In my state, they are saying that 99.4% of all infections are currently omicron. And vaccination is much more effective against delta than omicron, so a vaccinated person who catches covid is more likely to get omicron even if it isn’t totally dominant in their geographic area. So I assumed omicron. No one has told me “I got omicron”. Why would I even care?
And I find it odd that you are accusing me of saying “me, me, me”. I have not caught covid.
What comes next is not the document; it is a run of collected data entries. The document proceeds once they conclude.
lemma tendsto_zero_if_bigo_powr:
  fixes f :: "nat \<Rightarrow> real"
  assumes "0 < b" "f \<in> O(\<lambda>n. real n powr - b)"
  shows "f \<longlonglongrightarrow> 0"
proof -
  have "(\<lambda>n. real n powr - b) \<in> o(\<lambda>_. 1)"
    using assms(1) by real_asymp
  from smalloD_tendsto[OF landau_o.big_small_trans[OF assms(2) this]] show ?thesis
    by simp
qed

theorem theorem3:
  fixes D :: "real measure" and sg T alpha gam a :: real
    and lam M :: "nat \<Rightarrow> real"
  assumes D_prob: "prob_space D" and D_sets: "sets D = sets borel"
    and mean0: "integrable D (\<lambda>z. z)" "(\<integral>z. z \<partial>D) = 0"
    and sigma_pos: "sg > 0"
    and subgauss: "\<And>t. integrable D (\<lambda>z. exp (t * z)) \<and>
                        (\<integral>z. exp (t * z) \<partial>D) \<le> exp (sg\<^sup>2 * t\<^sup>2 / 2)"
    and T_pos: "T > 0"
    and mgf_sq: "\<And>t. t \<in> {0<..T} \<Longrightarrow> integrable D (\<lambda>z. exp (t * (z / sg)\<^sup>2))"
    and alpha: "0 < alpha" "alpha < 1" and alpha_T: "alpha < 2 * T"
    and gam: "gam > 0"
    and a_pos: "a > 0"
    and lam_range: "\<And>n. 0 < lam n \<and> lam n < 1"
    and lam_rate: "lam \<in> O(\<lambda>n. real n powr (- (a + 1)))"
    and M_gt: "\<And>n. M n > 1"
    and M_lim: "filterlim M at_top sequentially"
  shows "(\<lambda>n. SUP theta_star :: nat \<Rightarrow> real.
            \<integral>\<^sup>+ z. emeasure (Delta n (lam n) alpha gam sg (\<lambda>i. theta_star i + z i))
                 {theta \<in> space (PiM {..<n} (\<lambda>_. borel :: real measure)).
                    real (card (supp n theta)) > M n * real (card (supp n theta_star))}
              \<partial>(PiM {..<n} (\<lambda>_. D)))
         \<longlonglongrightarrow> 0"
proof -
  define C where "C = (\<integral>y. exp (alpha / (2 * sg\<^sup>2) * y\<^sup>2) \<partial>D)"
  define B where "B n = real n * lam n / (1 - lam n) * C / min 1 (M n - 1)" for n
  have exponent_eq:
    "(\<lambda>y. exp (alpha / (2 * sg\<^sup>2) * y\<^sup>2)) = (\<lambda>y. exp (alpha / 2 * (y / sg)\<^sup>2))"
    using sigma_pos by (simp add: power_divide field_simps)
  have integrable: "integrable D (\<lambda>y. exp (alpha / (2 * sg\<^sup>2) * y\<^sup>2))"
    unfolding exponent_eq using alpha alpha_T by (intro mgf_sq) auto
  have bound: "(\<integral>\<^sup>+ z. emeasure (Delta n (lam n) alpha gam sg (\<lambda>i. \<theta>' i + z i))
      {\<theta> \<in> space (PiM {..<n} (\<lambda>_. borel :: real measure)).
         real (card (supp n \<theta>)) > M n * real (card (supp n \<theta>'))} \<partial>PiM {..<n} (\<lambda>_. D))
    \<le> ennreal (B n)" for n \<theta>'
    using nn_integral_Delta_excess_support_le[OF D_prob D_sets sigma_pos _ gam _ _ M_gt integrable]
      alpha lam_range[of n] unfolding B_def C_def by simp
  have "(\<lambda>n. real n * lam n) \<longlonglongrightarrow> 0"
  proof (rule tendsto_zero_if_bigo_powr)
    have "(\<lambda>n. real n * real n powr - (a + 1)) \<in> O(\<lambda>n. real n powr - a)"
      by real_asymp
    then show "(\<lambda>n. real n * lam n) \<in> O(\<lambda>n. real n powr - a)"
      using landau_o.big.mult_left[OF lam_rate] landau_o.big_trans by blast
  qed (fact a_pos)
  moreover have "lam \<longlonglongrightarrow> 0"
    using a_pos lam_rate by (intro tendsto_zero_if_bigo_powr[of "a + 1"]) auto
  moreover have "(\<lambda>n. min 1 (M n - 1)) \<longlonglongrightarrow> 1"
    using filterlim_at_top[THEN iffD1, OF M_lim, rule_format, of 2]
    by (intro tendsto_eventually) (auto elim: eventually_mono)
  ultimately have "B \<longlonglongrightarrow> 0 / (1 - 0) * C / 1"
    unfolding B_def by (intro tendsto_intros) auto
  then have B_lim: "(\<lambda>n. ennreal (B n)) \<longlonglongrightarrow> 0"
    using tendsto_ennrealI[of B 0] by simp
  show ?thesis
    by (rule tendsto_sandwich[OF _ _ tendsto_const B_lim])
      (auto intro!: always_eventually SUP_least bound)
qed

end
(* Let $\rho$ be a state on $\mathcal H_{AB}$ and let $\mathcal F$ be a convex set of states on $\mathcal H_{AB}$. Then for every $\epsilon>0$, $\gamma^{\epsilon}_{\mathcal F}(\rho)\ge 2^{D^{\epsilon}_{\max}(\rho\|\mathcal F)}$.
   Context: $\log$ base 2. $B_\epsilon(\rho)=\{\tau\text{ a state on }\mathcal H_{AB}: d(\tau,\rho)\le\epsilon\}$ with $d$ the trace-norm induced distance. The smoothed $\gamma$-factor is $\gamma^{\epsilon}_{\mathcal F}(\rho)=\inf\{c_1+c_2:\ \sigma=c_1\sigma_1-c_2\sigma_2,\ c_1,c_2\ge0,\ \sigma_1,\sigma_2\in\mathcal F,\ \sigma\in B_\epsilon(\rho)\}$. The smoothed max-relative entropy with respect to $\mathcal F$ is $D^{\epsilon}_{\max}(\rho\|\mathcal F)=\min_{\tau\in B_\epsilon(\rho)}\inf_{\sigma\in\mathcal F}\inf\{\lambda\in\mathbb R:\tau\le2^{\lambda}\sigma\}$. *)

theory Defs
  imports "Jordan_Normal_Form.Schur_Decomposition" "HOL-Library.Extended_Real"
begin

text \<open>Finite-dimensional quantum states on H_AB, modelled as n x n complex matrices
  (n = dim H_AB).\<close>

definition psd :: "nat \<Rightarrow> complex mat \<Rightarrow> bool" where
  "psd n A \<longleftrightarrow> A \<in> carrier_mat n n \<and>
     (\<forall>v \<in> carrier_vec n. Im ((A *\<^sub>v v) \<bullet>c v) = 0 \<and> Re ((A *\<^sub>v v) \<bullet>c v) \<ge> 0)"

definition loewner_le :: "nat \<Rightarrow> complex mat \<Rightarrow> complex mat \<Rightarrow> bool" where
  "loewner_le n A B \<longleftrightarrow> A \<in> carrier_mat n n \<and> B \<in> carrier_mat n n \<and> psd n (B - A)"

definition mtrace :: "complex mat \<Rightarrow> complex" where
  "mtrace A = (\<Sum>i<dim_row A. A $$ (i, i))"

definition is_state :: "nat \<Rightarrow> complex mat \<Rightarrow> bool" where
  "is_state n \<rho> \<longleftrightarrow> psd n \<rho> \<and> mtrace \<rho> = 1"

text \<open>Trace norm ||X||_1 = tr sqrt(X^* X) = sum of singular values (with multiplicity):
  the eigenvalues of X^* X are the roots of its characteristic polynomial.\<close>
definition trace_norm :: "complex mat \<Rightarrow> real" where
  "trace_norm X = (let B = mat_adjoint X * X in
     (\<Sum>k \<in> {k. poly (char_poly B) k = 0}. real (order k (char_poly B)) * sqrt (Re k)))"

definition tdist :: "complex mat \<Rightarrow> complex mat \<Rightarrow> real" where
  "tdist \<tau> \<rho> = trace_norm (\<tau> - \<rho>)"

definition eps_ball :: "nat \<Rightarrow> real \<Rightarrow> complex mat \<Rightarrow> complex mat set" where
  "eps_ball n \<epsilon> \<rho> = {\<tau>. is_state n \<tau> \<and> tdist \<tau> \<rho> \<le> \<epsilon>}"

definition convex_mat_set :: "complex mat set \<Rightarrow> bool" where
  "convex_mat_set F \<longleftrightarrow> (\<forall>s1\<in>F. \<forall>s2\<in>F. \<forall>t::real. 0 \<le> t \<and> t \<le> 1 \<longrightarrow>
      complex_of_real t \<cdot>\<^sub>m s1 + complex_of_real (1 - t) \<cdot>\<^sub>m s2 \<in> F)"

text \<open>Smoothed gamma-factor (infimum in the extended reals; +\<infinity> for an empty set).\<close>
definition gamma_eps :: "nat \<Rightarrow> real \<Rightarrow> complex mat set \<Rightarrow> complex mat \<Rightarrow> ereal" where
  "gamma_eps n \<epsilon> F \<rho> = Inf {ereal (c1 + c2) | c1 c2 s1 s2.
      0 \<le> c1 \<and> 0 \<le> c2 \<and> s1 \<in> F \<and> s2 \<in> F \<and>
      complex_of_real c1 \<cdot>\<^sub>m s1 - complex_of_real c2 \<cdot>\<^sub>m s2 \<in> eps_ball n \<epsilon> \<rho>}"

definition Dmax_eps :: "nat \<Rightarrow> real \<Rightarrow> complex mat \<Rightarrow> complex mat set \<Rightarrow> ereal" where
  "Dmax_eps n \<epsilon> \<rho> F = Inf ((\<lambda>\<tau>. Inf ((\<lambda>\<sigma>. Inf {ereal l | l. loewner_le n \<tau> (complex_of_real (2 powr l) \<cdot>\<^sub>m \<sigma>)}) ` F))
      ` eps_ball n \<epsilon> \<rho>)"

definition pow2_ereal :: "ereal \<Rightarrow> ereal" where
  "pow2_ereal x = (case x of ereal r \<Rightarrow> ereal (2 powr r) | PInfty \<Rightarrow> PInfty | MInfty \<Rightarrow> 0)"

end

theory Submission
  imports Defs
begin

text \<open>If \<open>\<sigma> = c\<^sub>1 \<sigma>\<^sub>1 - c\<^sub>2 \<sigma>\<^sub>2\<close> is a state with \<open>\<sigma>\<^sub>1, \<sigma>\<^sub>2 \<in> F\<close>, taking traces gives
  \<open>c\<^sub>1 - c\<^sub>2 = 1\<close>, so \<open>c = c\<^sub>1 + c\<^sub>2 > 0\<close>. Dropping the negative part,
  \<open>\<sigma> \<le> c\<^sub>1 \<sigma>\<^sub>1 + c\<^sub>2 \<sigma>\<^sub>2 = c \<mu>\<close> where \<open>\<mu>\<close> is a convex combination of \<open>\<sigma>\<^sub>1, \<sigma>\<^sub>2\<close> and hence
  lies in \<open>F\<close>. Thus \<open>D\<^sup>\<epsilon>\<^sub>m\<^sub>a\<^sub>x(\<rho>\<parallel>F) \<le> log c\<close> for every admissible decomposition of every
  \<open>\<sigma>\<close> in the \<open>\<epsilon>\<close>-ball, and taking the infimum over decompositions gives the claim.\<close>

lemma pow2_ereal_mono: "x \<le> y \<Longrightarrow> pow2_ereal x \<le> pow2_ereal y"
  by (cases x; cases y) (auto simp: pow2_ereal_def)

lemma smult_mat_mult_mat_vec:
  "A \<in> carrier_mat n n \<Longrightarrow> v \<in> carrier_vec n \<Longrightarrow> (k \<cdot>\<^sub>m A) *\<^sub>v v = k \<cdot>\<^sub>v (A *\<^sub>v v)"
  by (intro eq_vecI) (auto simp: scalar_prod_def sum_distrib_left ac_simps)

lemma psd_smult:
  assumes "psd n A" and "c \<ge> 0"
  shows "psd n (complex_of_real c \<cdot>\<^sub>m A)"
  unfolding psd_def
proof (intro conjI ballI)
  have A: "A \<in> carrier_mat n n" using assms(1) unfolding psd_def by simp
  then show "complex_of_real c \<cdot>\<^sub>m A \<in> carrier_mat n n" by simp
  fix v :: "complex vec" assume v: "v \<in> carrier_vec n"
  have form: "((complex_of_real c \<cdot>\<^sub>m A) *\<^sub>v v) \<bullet>c v = complex_of_real c * ((A *\<^sub>v v) \<bullet>c v)"
    using A v by (simp add: smult_mat_mult_mat_vec)
  have "Im ((A *\<^sub>v v) \<bullet>c v) = 0" "Re ((A *\<^sub>v v) \<bullet>c v) \<ge> 0"
    using assms(1) v unfolding psd_def by auto
  then show "Im (((complex_of_real c \<cdot>\<^sub>m A) *\<^sub>v v) \<bullet>c v) = 0"
    and "Re (((complex_of_real c \<cdot>\<^sub>m A) *\<^sub>v v) \<bullet>c v) \<ge> 0"
    unfolding form using assms(2) by auto
qed

lemma mtrace_smult_diff:
  assumes "A \<in> carrier_mat n n" and "B \<in> carrier_mat n n"
  shows "mtrace (a \<cdot>\<^sub>m A - b \<cdot>\<^sub>m B) = a * mtrace A - b * mtrace B"
  using assms unfolding mtrace_def by (simp add: sum_subtractf sum_distrib_left)

lemma state_diff_coeffs:
  assumes "is_state n (complex_of_real c\<^sub>1 \<cdot>\<^sub>m \<sigma>\<^sub>1 - complex_of_real c\<^sub>2 \<cdot>\<^sub>m \<sigma>\<^sub>2)"
    and "is_state n \<sigma>\<^sub>1" and "is_state n \<sigma>\<^sub>2"
  shows "c\<^sub>1 - c\<^sub>2 = 1"
proof -
  have "\<sigma>\<^sub>1 \<in> carrier_mat n n" "\<sigma>\<^sub>2 \<in> carrier_mat n n"
    using assms(2,3) unfolding is_state_def psd_def by auto
  then have "complex_of_real (c\<^sub>1 - c\<^sub>2) = 1"
    using assms mtrace_smult_diff unfolding is_state_def by (metis mult.right_neutral of_real_diff)
  then show ?thesis by (metis of_real_eq_1_iff)
qed

lemma loewner_le_smult_diff_add:
  assumes "psd n A" and "psd n B" and "c\<^sub>1 \<ge> 0" and "c\<^sub>2 \<ge> 0"
  shows "loewner_le n (complex_of_real c\<^sub>1 \<cdot>\<^sub>m A - complex_of_real c\<^sub>2 \<cdot>\<^sub>m B)
                      (complex_of_real c\<^sub>1 \<cdot>\<^sub>m A + complex_of_real c\<^sub>2 \<cdot>\<^sub>m B)"
proof -
  have A: "A \<in> carrier_mat n n" and B: "B \<in> carrier_mat n n"
    using assms(1,2) unfolding psd_def by auto
  have "complex_of_real c\<^sub>1 \<cdot>\<^sub>m A + complex_of_real c\<^sub>2 \<cdot>\<^sub>m B
        - (complex_of_real c\<^sub>1 \<cdot>\<^sub>m A - complex_of_real c\<^sub>2 \<cdot>\<^sub>m B)
      = complex_of_real (2 * c\<^sub>2) \<cdot>\<^sub>m B"
    using A B by (intro eq_matI) auto
  then show ?thesis
    unfolding loewner_le_def using A B psd_smult[OF assms(2), of "2 * c\<^sub>2"] assms(4) by auto
qed

lemma convex_mat_set_conic_comb:
  assumes "convex_mat_set F" and "\<sigma>\<^sub>1 \<in> F" and "\<sigma>\<^sub>2 \<in> F"
    and "\<sigma>\<^sub>1 \<in> carrier_mat n n" and "\<sigma>\<^sub>2 \<in> carrier_mat n n"
    and "c\<^sub>1 \<ge> 0" and "c\<^sub>2 \<ge> 0" and "c\<^sub>1 + c\<^sub>2 > 0"
  obtains \<mu> where "\<mu> \<in> F"
    and "complex_of_real c\<^sub>1 \<cdot>\<^sub>m \<sigma>\<^sub>1 + complex_of_real c\<^sub>2 \<cdot>\<^sub>m \<sigma>\<^sub>2 = complex_of_real (c\<^sub>1 + c\<^sub>2) \<cdot>\<^sub>m \<mu>"
proof
  define c where "c = c\<^sub>1 + c\<^sub>2"
  define t where "t = c\<^sub>1 / c"
  have "0 \<le> t" and "t \<le> 1" using assms(6-8) unfolding t_def c_def by auto
  then show "complex_of_real t \<cdot>\<^sub>m \<sigma>\<^sub>1 + complex_of_real (1 - t) \<cdot>\<^sub>m \<sigma>\<^sub>2 \<in> F"
    using assms(1-3) unfolding convex_mat_set_def by blast
  have "c * t = c\<^sub>1" and "c * (1 - t) = c\<^sub>2"
    using assms(8) unfolding t_def c_def by (simp_all add: field_simps)
  then have "complex_of_real c * complex_of_real t = complex_of_real c\<^sub>1"
    and "complex_of_real c * complex_of_real (1 - t) = complex_of_real c\<^sub>2"
    by (metis of_real_mult)+
  then show "complex_of_real c\<^sub>1 \<cdot>\<^sub>m \<sigma>\<^sub>1 + complex_of_real c\<^sub>2 \<cdot>\<^sub>m \<sigma>\<^sub>2 = complex_of_real (c\<^sub>1 + c\<^sub>2) \<cdot>\<^sub>m
      (complex_of_real t \<cdot>\<^sub>m \<sigma>\<^sub>1 + complex_of_real (1 - t) \<cdot>\<^sub>m \<sigma>\<^sub>2)"
    using assms(4,5) unfolding c_def[symmetric]
    by (intro eq_matI) (auto simp: distrib_left simp flip: mult.assoc)
qed

lemma Dmax_eps_le:
  assumes "\<tau> \<in> eps_ball n \<epsilon> \<rho>" and "\<sigma> \<in> F"
    and "loewner_le n \<tau> (complex_of_real (2 powr l) \<cdot>\<^sub>m \<sigma>)"
  shows "Dmax_eps n \<epsilon> \<rho> F \<le> ereal l"
proof -
  have "Inf {ereal l' | l'. loewner_le n \<tau> (complex_of_real (2 powr l') \<cdot>\<^sub>m \<sigma>)} \<le> ereal l"
    using assms(3) by (auto intro: Inf_lower)
  then show ?thesis
    unfolding Dmax_eps_def using assms(1,2) by (meson INF_lower2)
qed

theorem lemma5:
  fixes n :: nat and \<rho> :: "complex mat" and F :: "complex mat set" and \<epsilon> :: real
  assumes "is_state n \<rho>"
    and "\<forall>\<sigma>\<in>F. is_state n \<sigma>"
    and "convex_mat_set F"
    and "\<epsilon> > 0"
  shows "gamma_eps n \<epsilon> F \<rho> \<ge> pow2_ereal (Dmax_eps n \<epsilon> \<rho> F)"
  unfolding gamma_eps_def
proof (rule Inf_greatest, clarify)
  fix c\<^sub>1 c\<^sub>2 :: real and \<sigma>\<^sub>1 \<sigma>\<^sub>2
  assume c: "0 \<le> c\<^sub>1" "0 \<le> c\<^sub>2" and in_F: "\<sigma>\<^sub>1 \<in> F" "\<sigma>\<^sub>2 \<in> F"
    and ball: "complex_of_real c\<^sub>1 \<cdot>\<^sub>m \<sigma>\<^sub>1 - complex_of_real c\<^sub>2 \<cdot>\<^sub>m \<sigma>\<^sub>2 \<in> eps_ball n \<epsilon> \<rho>"
  have states: "is_state n \<sigma>\<^sub>1" "is_state n \<sigma>\<^sub>2" using assms(2) in_F by auto
  then have psd: "psd n \<sigma>\<^sub>1" "psd n \<sigma>\<^sub>2" unfolding is_state_def by auto
  have "c\<^sub>1 - c\<^sub>2 = 1"
    using ball states state_diff_coeffs unfolding eps_ball_def by blast
  then have pos: "c\<^sub>1 + c\<^sub>2 > 0" using c by linarith
  obtain \<mu> where "\<mu> \<in> F"
    and comb: "complex_of_real c\<^sub>1 \<cdot>\<^sub>m \<sigma>\<^sub>1 + complex_of_real c\<^sub>2 \<cdot>\<^sub>m \<sigma>\<^sub>2 = complex_of_real (c\<^sub>1 + c\<^sub>2) \<cdot>\<^sub>m \<mu>"
    using convex_mat_set_conic_comb[OF assms(3) in_F _ _ c pos] psd unfolding psd_def by blast
  have "loewner_le n (complex_of_real c\<^sub>1 \<cdot>\<^sub>m \<sigma>\<^sub>1 - complex_of_real c\<^sub>2 \<cdot>\<^sub>m \<sigma>\<^sub>2)
          (complex_of_real (2 powr log 2 (c\<^sub>1 + c\<^sub>2)) \<cdot>\<^sub>m \<mu>)"
    using loewner_le_smult_diff_add[OF psd c] pos by (simp add: comb)
  then have "Dmax_eps n \<epsilon> \<rho> F \<le> ereal (log 2 (c\<^sub>1 + c\<^sub>2))"
    using Dmax_eps_le ball \<open>\<mu> \<in> F\<close> by blast
  then have "pow2_ereal (Dmax_eps n \<epsilon> \<rho> F) \<le> pow2_ereal (ereal (log 2 (c\<^sub>1 + c\<^sub>2)))"
    by (rule pow2_ereal_mono)
  also have "\<dots> = ereal (c\<^sub>1 + c\<^sub>2)" using pos by (simp add: pow2_ereal_def)
  finally show "pow2_ereal (Dmax_eps n \<epsilon> \<rho> F) \<le> ereal (c\<^sub>1 + c\<^sub>2)" .
qed

end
I have taken fairly extreme precautions to avoid both catching and spreading it, including getting every vax I’ve been eligible for as soon as I could, and wearing a high-quality mask on the rare occasions I’ve left the house in the past 2 years. I’ve also personally nudged a lot of people to get boosters, when the FDA was waffling on who “needed” it. Because “full vaccination” is not enough to significantly reduce the spread of omicron, but a booster really does reduce the risk you will catch it and spread it.
I don’t think anyone is accusing you of saying “me, me, me”. You’re certainly not like this at all.
But your arguments are giving a lot of cover to those who ARE saying “me, me, me”. Cover to those who are coming up with any excuse they can grab onto to avoid a getting a reasonable medical vaccine. Basically, they are “I don’t wanna, and here’s my excuse.”
You are reasonable, responsible, and make good choices. Don’t assume that those who are pulling out all the stops to avoid getting the vaccine are the same as you.
Huh? I challenged someone who brought that up. I didn’t bring it up.
Or wait, i asked what the heck someone meant by the vaccine being “leaky”. I don’t think anyone has brought up “vaccine shedding” recently, until you just did.